From Waste to Utility: Recycled PET as a 3D Printing Material in Dentistry: An In vitro Study

Abstract

The overuse of plastics in the past decade raised significant global concerns, prompting a shift toward sustainable materials to mitigate plastic consumption. Among these efforts, recycling post-consumer plastic waste has emerged as a critical focus area. This study aimed to explore the potential of post-consumer recycled polyethylene terephthalate (PCR rPET) as a sustainable alternative to virgin plastics, focusing on the development of a novel 3D printable filament for dental applications.

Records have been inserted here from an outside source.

(* Let $A,B\in\mathrm{SL}_2\mathbb{R}$ be noncommuting hyperbolic matrices with $\mathrm{tr}(A),\mathrm{tr}(B)\ge 2$, and assume that the pair $A,B$ is coherently oriented with $I^+\cap I^-=\emptyset$. Then $\ell(AB)$ is less than, equal to, or greater than $\ell(A)+\ell(B)$ if and only if the translation axes of $A$ and $B$ are intersecting, asymptotically parallel (distinct, sharing an ideal endpoint), or ultraparallel (disjoint with no common ideal endpoint), respectively.
   Context: $\mathrm{SL}_2\mathbb{R}$ acts on the hyperbolic plane $\mathcal{H}=\{z\in\mathbb{C}:\operatorname{Im}z>0\}$ and on its boundary $\partial\mathcal{H}=\mathbb{P}^1\mathbb{R}$ by Möbius transformations. A nonidentity matrix of trace $\ge 2$ is parabolic (one fixed point in $\partial\mathcal{H}$, trace $=2$) or hyperbolic (two fixed points, trace $>2$). For a hyperbolic $A$, $\alpha^+$ denotes its attracting fixed point and $\alpha^-$ its repelling one (similarly $\beta^\pm$ for $B$); for parabolic $A$, $\alpha^+=\alpha^-$ is its unique fixed point. The translation length is $\ell(A)=\inf\{d(z,A*z):z\in\mathcal{H}\}$ ($d$ the hyperbolic distance); for hyperbolic $A$ the translation axis is the geodesic with endpoints $\alpha^+,\alpha^-$. The circle $\partial\mathcal{H}$ is cyclically (counterclockwise) ordered, and for distinct $\alpha,\beta$ the closed interval $[\alpha,\beta]$ consists of $\alpha,\beta$ and the points met travelling counterclockwise from $\alpha$ to $\beta$. For noncommuting $A,B$ of trace $\ge2$: if $\alpha^+=\beta^+$ let $I^+=\{\alpha^+\}$; otherwise $I^+$ is the one of the two intervals $[\alpha^+,\beta^+]$, $[\beta^+,\alpha^+]$ mapped into itself by both $A$ and $B$, if such exists (else $I^+$ is undefined). $I^-$ is defined in the same way using $A^{-1},B^{-1}$ and $\alpha^-,\beta^-$. The pair $A,B$ is coherently oriented if both $I^+$ and $I^-$ are defined. *)

theory Defs
  imports "HOL-Analysis.Analysis"
begin

definition ma :: "real^2^2 \<Rightarrow> real" where "ma A = A $ 1 $ 1"
definition mb :: "real^2^2 \<Rightarrow> real" where "mb A = A $ 1 $ 2"
definition mc :: "real^2^2 \<Rightarrow> real" where "mc A = A $ 2 $ 1"
definition md :: "real^2^2 \<Rightarrow> real" where "md A = A $ 2 $ 2"

definition SL2R :: "real^2^2 \<Rightarrow> bool" where "SL2R A \<longleftrightarrow> det A = 1"

definition hyperbolic :: "real^2^2 \<Rightarrow> bool" where
  "hyperbolic A \<longleftrightarrow> trace A > 2"

definition uhp :: "complex set" where "uhp = {z. Im z > 0}"

definition mact :: "real^2^2 \<Rightarrow> complex \<Rightarrow> complex" where
  "mact A z = (of_real (ma A) * z + of_real (mb A)) / (of_real (mc A) * z + of_real (md A))"

definition hdist :: "complex \<Rightarrow> complex \<Rightarrow> real" where
  "hdist z w = arcosh (1 + (cmod (z - w))\<^sup>2 / (2 * Im z * Im w))"

definition tlen :: "real^2^2 \<Rightarrow> real" where
  "tlen A = Inf ((\<lambda>z. hdist z (mact A z)) ` uhp)"

text \<open>Boundary P^1(R) = R \<union> {\<infinity>}, modelled as real option (None = \<infinity>),
  with the Moebius action on it.\<close>

type_synonym bpt = "real option"

fun bact :: "real^2^2 \<Rightarrow> bpt \<Rightarrow> bpt" where
  "bact A None = (if mc A = 0 then None else Some (ma A / mc A))"
| "bact A (Some x) = (if mc A * x + md A = 0 then None
                      else Some ((ma A * x + mb A) / (mc A * x + md A)))"

definition bconv :: "(nat \<Rightarrow> bpt) \<Rightarrow> bpt \<Rightarrow> bool" where
  "bconv s p \<longleftrightarrow> (case p of
      Some r \<Rightarrow> (\<forall>e>0. \<forall>\<^sub>F n in sequentially. \<exists>y. s n = Some y \<and> \<bar>y - r\<bar> < e)
    | None \<Rightarrow> (\<forall>M. \<forall>\<^sub>F n in sequentially. s n = None \<or> (\<exists>y. s n = Some y \<and> \<bar>y\<bar> > M)))"

definition bfixed :: "real^2^2 \<Rightarrow> bpt \<Rightarrow> bool" where
  "bfixed A p \<longleftrightarrow> bact A p = p"

definition attr :: "real^2^2 \<Rightarrow> bpt" where
  "attr A = (THE p. bfixed A p \<and>
      (\<forall>x. \<not> bfixed A x \<longrightarrow> bconv (\<lambda>n. (bact A ^^ n) x) p))"

definition repel :: "real^2^2 \<Rightarrow> bpt" where
  "repel A = attr (matrix_inv A)"

text \<open>Counterclockwise on the
  boundary of the upper half plane means increasing along R, passing through \<infinity>.
  blt is the linear order on R \<union> {\<infinity>} with \<infinity> on top.\<close>

fun blt :: "bpt \<Rightarrow> bpt \<Rightarrow> bool" where
  "blt (Some x) (Some y) = (x < y)"
| "blt (Some x) None = True"
| "blt None _ = False"

definition cyc_between :: "bpt \<Rightarrow> bpt \<Rightarrow> bpt \<Rightarrow> bool" where
  "cyc_between a x b \<longleftrightarrow>
     (blt a x \<and> blt x b) \<or> (blt x b \<and> blt b a) \<or> (blt b a \<and> blt a x)"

Two types of PCR rPET pellets were collected from commercially available sources in India, one was made from processed plastic waste and directly made to pellets (PCR rPET-d). The other pellets had undergone additional solid-state polymerization (SSP) to increase their density and extrudability (PCR rPET-s). Material characterization was conducted for both the test materials using Fourier-transform infrared spectroscopy (FTIR), differential scanning calorimetry (DSC), and melt flow index (MFI) testing. A sample size of 10 was used for these analyses. Subsequently, the pellets were extruded into 1.75 mm diameter filament using a traditional twin-screw extruder. The filament extrudability was recorded by observing the rate of flow while extrusion and measuring the diameter of resultant filament. The data were analyzed using descriptive statistics to identify trends and assess the material’s suitability for dental applications, including model preparation, surgical guides, temporary prostheses, and custom trays. The PCR rPET-s material showed promising extrudability and filament production potential. However, challenges such as excessive flow and uneven heating during extrusion resulted in a narrow filament diameter of 1.2mm (± 0.05 mm). PCR rPET-d, showed blackening and bubbling while extruding making it unsuitable. Despite the challenges encountered, PCR rPET-s demonstrated considerable potential as a sustainable alternative in dental prosthesis fabrication. Further optimization of extrusion parameters and equipment design is needed to improve filament consistency and quality. This research highlight the importance of future advancements in sustainable manufacturing techniques by optimizing extrusion processes for broader applications.